- [WHAT IS NEEDED]:
Please write out all of the entries exactly as they appear.

(Saved entries)
┌──

(* Let $r\geq 3$, $k\geq 4$, and let $D$ be an $m$-colored semicomplete $r$-partite digraph. Then $D$ has a $k$-colored kernel.
   Context: A semicomplete $r$-partite digraph ($r\ge 2$) is a digraph whose vertex set is partitioned into $r$ nonempty independent sets (partite sets) such that for any two vertices $u,v$ in different partite sets at least one of the arcs $(u,v)$, $(v,u)$ is present (both may be present); there are no arcs inside a partite set. An $m$-colored digraph is a digraph whose arcs are each assigned one of $m$ colors. A directed path (no repeated vertices) is $j$-colored if its arcs use exactly $j$ distinct colors. A $k$-colored kernel of $D$ is a nonempty set $K\subseteq V(D)$ such that (a) for every $u\in V(D)\setminus K$ there exist $v\in K$ and a $j$-colored directed path from $u$ to $v$ with $1\le j\le k$, and (b) for all distinct $u,v\in K$ there is no $j$-colored directed path from $u$ to $v$ with $1\le j\le k$. *)

theory Defs
  imports Main
begin

definition digraph :: "'a set \<Rightarrow> ('a \<times> 'a) set \<Rightarrow> bool" where
  "digraph V A \<longleftrightarrow> finite V \<and> A \<subseteq> V \<times> V"

definition m_colored :: "('a \<times> 'a) set \<Rightarrow> nat \<Rightarrow> ('a \<times> 'a \<Rightarrow> nat) \<Rightarrow> bool" where
  "m_colored A m col \<longleftrightarrow> (\<forall>e\<in>A. col e < m)"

└──

- [SOLUTION TO THE PROBLEM]:
(* Let $r\geq 3$, $k\geq 4$, and let $D$ be an $m$-colored semicomplete $r$-partite digraph. Then $D$ has a $k$-colored kernel.
   Context: A semicomplete $r$-partite digraph ($r\ge 2$) is a digraph whose vertex set is partitioned into $r$ nonempty independent sets (partite sets) such that for any two vertices $u,v$ in different partite sets at least one of the arcs $(u,v)$, $(v,u)$ is present (both may be present); there are no arcs inside a partite set. An $m$-colored digraph is a digraph whose arcs are each assigned one of $m$ colors. A directed path (no repeated vertices) is $j$-colored if its arcs use exactly $j$ distinct colors. A $k$-colored kernel of $D$ is a nonempty set $K\subseteq V(D)$ such that (a) for every $u\in V(D)\setminus K$ there exist $v\in K$ and a $j$-colored directed path from $u$ to $v$ with $1\le j\le k$, and (b) for all distinct $u,v\in K$ there is no $j$-colored directed path from $u$ to $v$ with $1\le j\le k$. *)

theory Defs
  imports Main
begin

definition digraph :: "'a set \<Rightarrow> ('a \<times> 'a) set \<Rightarrow> bool" where
  "digraph V A \<longleftrightarrow> finite V \<and> A \<subseteq> V \<times> V"

definition m_colored :: "('a \<times> 'a) set \<Rightarrow> nat \<Rightarrow> ('a \<times> 'a \<Rightarrow> nat) \<Rightarrow> bool" where
  "m_colored A m col \<longleftrightarrow> (\<forall>e\<in>A. col e < m)"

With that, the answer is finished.